Only lines with the word "moreover" belong in the answer; copy them from the records below.
● ● ● ● ● ● ●
lemma weight_sum_ge:
  fixes f :: "nat \<Rightarrow> nat"
  assumes "(a + d)^2 \<le> 2 * a^2"
  shows "(3 + d / a) * n - 2 * card {i. i < n \<and> word (f i) = al} \<le> (\<Sum>i<n. weight (word (f i)))"
proof -
  have "(\<Sum>i<n. if word (f i) = al then 2 else 0) = (\<Sum>i\<in>{i \<in> {..<n}. word (f i) = al}. 2 :: real)"
    by (rule sum.inter_filter[symmetric]) simp
  also have "{i \<in> {..<n}. word (f i) = al} = {i. i < n \<and> word (f i) = al}"
    by auto
  finally have "(\<Sum>i<n. if word (f i) = al then 2 else 0) = 2 * real (card {i. i < n \<and> word (f i) = al})"
    by simp
  then have "(3 + d / a) * n - 2 * card {i. i < n \<and> word (f i) = al}
      = (\<Sum>i<n. 3 + d / a - (if word (f i) = al then 2 else 0))"
    by (simp add: sum_subtractf)
  also have "\<dots> \<le> (\<Sum>i<n. weight (word (f i)))"
    using weight_word_ge[OF assms] by (rule sum_mono)
  finally show ?thesis .
qed

lemma span_bound_block_word:
  assumes "(a + d)^2 \<le> 2 * a^2" and "0 < k" and "x \<noteq> y" and "al \<in> {x, y}"
    and cs: "common_subseq word (block_word k b e x y) n f g"
  shows "(3 + d / a) * n - 4 * k * period \<le> span1 n f + 2 * k * (b + e)"
proof -
  have "(\<Sum>i<n. weight (word (f i))) \<le> span1 n f + period * (4 * k - 2 + 1)"
    using cs by (rule weight_sum_le_span[where R = "run_index k b e"])
      (simp_all add: length_block_word run_index_mono run_index_change run_index_le)
  moreover have "period * (4 * k - 2 + 1) \<le> period * (4 * k)"
    using \<open>0 < k\<close> by (intro mult_le_mono2) simp
  then have "real (period * (4 * k - 2 + 1)) \<le> 4 * k * period"
    by (metis of_nat_le_iff of_nat_mult of_nat_numeral mult.commute)
  moreover have "card {i. i < n \<and> word (f i) = al} \<le> k * (b + e)"
    using card_common_subseq_letter_le[OF cs, of al] count_list_block_word[OF assms(3,4)] by simp
  then have "real (card {i. i < n \<and> word (f i) = al}) \<le> k * (b + e)"
    by (metis of_nat_add of_nat_le_iff of_nat_mult)
  ultimately show ?thesis
    using weight_sum_ge[OF assms(1), of n f] by linarith
qed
● ● ● ● ● ● ●
ANSWER TO THIS TASK:
  moreover have "period * (4 * k - 2 + 1) \<le> period * (4 * k)"
  moreover have "card {i. i < n \<and> word (f i) = al} \<le> k * (b + e)"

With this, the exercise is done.